Бойцы от неожиданности остановились и опустили шинель на снег. Войтов, опершись на уцелевшую правую руку, тяжело поднялся. С удивлением, смешанным со страхом, глядел на оставшуюся лежать на шинели свою оторванную по локоть левую руку. Медленно перевел взгляд на затянутую поясным ремнем культю.
– Что это? Когда? – И не дождавшись ответа, хрипло приказал Шустрякову: – Ну-ка, подай мне ее. Где медпункт, там?
И быстро пошел вперед, крепко зажав в правой ладони кисть другой, такой близкой, своей и в то же время до жути чужой руки. Шустряков кинулся к видневшимся уже сквозь редкий лес палаткам дивизионного медпункта. Подбежав к пожилому санитару в надетом поверх телогрейки белом халате, спросил где находится операционная.
– Так у нас их две, мил человек, – ответил тот. – Тебе которую надоть? – И замолчал, растерянно глядя на остановившегося рядом с Юрой Войтова. Тот странно раскачивался из стороны в сторону, пытаясь засунуть под полушубок оторванную руку.
– Веди скорей, отец. А то промерзнет рука, омертвеет, – прохрипел он.
Санитар, торопливо подхватив Войтова сбоку, повел его к ближайшей землянке, обшитой внутри по стенам и потолку белыми простынями. Тут было непривычно светло от четырех электрических лампочек, питаемых небольшим движком. На двух длинных застеленных клеенкой столах шли операции. Кто-то тихо и монотонно стонал.
– Куда? Почему без разрешения? – раздраженно закричал на вошедших стоявший ближе к двери хирург.
– Да вот комбата нашего… Видите как, – растерянно забормотал Шустряков, но врач уже не слушал его. Он глядел на покачивающегося старшего лейтенанта в разорванном полушубке, из-под которого виднелась туго перетянутая культя с застывшими сгустками крови.

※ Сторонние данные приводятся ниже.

(* (i) There exists a doubly stochastic $2\times 2$ matrix $\mathcal N$ (for instance $\mathcal N=\frac19\begin{pmatrix}5&4\\4&5\end{pmatrix}$) such that for every $\kappa>\frac89$, no directed $3$-regular multigraph on $[2]$ has weak throughput at least $\kappa$ with respect to $\mathcal N$. (ii) For every positive integer $n$ there exists a doubly stochastic $n\times n$ matrix $\mathcal M_n$ such that no directed $(2n-1)$-regular multigraph on $[n]$ has weak direct throughput at least $\kappa$ with respect to $\mathcal M_n$, for every $\kappa>\frac{7n-4}{8n-4}$ if $n$ is even and for every $\kappa>\frac{7n-3}{8n-4}$ if $n$ is odd.
   Context: Let $n\ge 1$ and $[n]=\{1,\dots,n\}$. Networks are finite directed multigraphs on vertex set $[n]$; self-loops and parallel arcs are allowed. A directed multigraph is directed $r$-regular if every vertex has exactly $r$ outgoing and exactly $r$ incoming arcs (a self-loop at $v$ counts as one outgoing and one incoming arc of $v$). A path is a non-empty sequence of arcs $((u_1,v_1),\dots,(u_\ell,v_\ell))$ with $v_i=u_{i+1}$ for $i<\ell$; it goes from $u_1$ to $v_\ell$ and has length $\ell\ge 1$. An $n\times n$ matrix is doubly stochastic if all entries are nonnegative and every row and every column sums to $1$. In a directed $(2n-1)$-regular multigraph $G$ on $[n]$ every arc has capacity $\frac{1}{2n-1}$. $G$ hosts a nonnegative $n\times n$ matrix $\mathcal M=(a_{i,j})$ if there is a finite collection $\{(P_k,d_k)\}$, where each $P_k$ is a path in $G$ from some $s_k$ to some $t_k$ and $d_k\ge 0$, such that $\sum_{k:\,s_k=u,\,t_k=v} d_k=a_{u,v}$ for all $u,v\in[n]$, and for every arc $e$ of $G$ (parallel arcs are distinct) $\sum_{k:\,e\in P_k} d_k\le \frac{1}{2n-1}$. $G$ directly hosts $\mathcal M$ if this is possible with all paths $P_k$ of length $1$. For doubly stochastic $\mathcal M=(a_{i,j})$, the weak throughput (resp. weak direct throughput) of $G$ is the largest $\eta$ such that $G$ hosts (resp. directly hosts) some matrix $\mathcal M'=(a'_{i,j})$ with $0\le a'_{i,j}\le a_{i,j}$ for all $i,j$ and $\sum_{i,j}a'_{i,j}=\eta\sum_{i,j}a_{i,j}=\eta n$. *)

theory Defs
  imports Complex_Main
begin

– Пришейте мне руку, доктор! – четко, словно приказ, произнес Войтов, протягивая врачу свою уже посиневшую окровавленную ношу. – Она еще живая, ее можно пришить…
Комбат шагнул к хирургу и, не сгибаясь, во весь рост, рухнул на пол, потеряв сознание.
– Помогите его уложить на кушетку, – приказал хирург Шустрякову. – Разденьте и уходите отсюда. Одежду оставите в приемной.
– А как с рукой-то, доктор? – робко спросил Юра. – Можно ее пришить?
– Что надо будет, то и сделаем, – снова раздражаясь, ответил тот. – Кто там дежурит в приемной? Почему пропустили посторонних в операционную? А ну, выведите их отсюда!
Обо всем этом Пугачев узнал уже поздно вечером, после того, как довел до командиров рот задачу на следующий день, нанес на карту переданные из штаба полка уточнения и ввел в курс дела прибывшего в батальон нового начальника штаба.
За всеми хлопотами неприятности, связанные с Дудко, стерлись, потеряли остроту и важность. И Андрей решил пока отложить вопрос о замене командира восьмой роты, дать ему последний шанс. Воевал Дудко в общем-то неплохо, храбро и напористо. К тому же и менять его было не на кого.
Если б только мог предположить комбат, к чему приведет его мягкотелость, в какую беду попадет его батальон из-за Дудко! Но предвидеть наперед, особенно на войне, трудно. А то, что война не прощает даже малейшей оплошности, понимаешь, к сожалению, слишком поздно. Пока же, устроившись на разостланном полушубке в хорошо натопленной землянке, Андрей дремал под приглушенный рокот танковых двигателей.
Неподалеку, в овраге, остановились на ночевку два тяжелых КВ и четыре тридцатьчетверки.
Тщательно спланированная штабами двух фронтов и утвержденная Ставкой операция «Искра» осуществлялась трудно. За четыре дня кровопролитных боев наступавшие на левом фланге 67-й армии 86-я стрелковая дивизия и 34-я лыжно-стрелковая бригада вместо намеченного по плану полного блокирования и уничтожения вражеского гарнизона Шлиссельбурга смогли лишь пробиться к железнодорожному полотну с юго-западной окраины города.
На правом фланге, в районе Невского пятачка, истекала кровью 45-я гвардейская дивизия генерала Краснова, сумевшая лишь немного расширить плацдарм.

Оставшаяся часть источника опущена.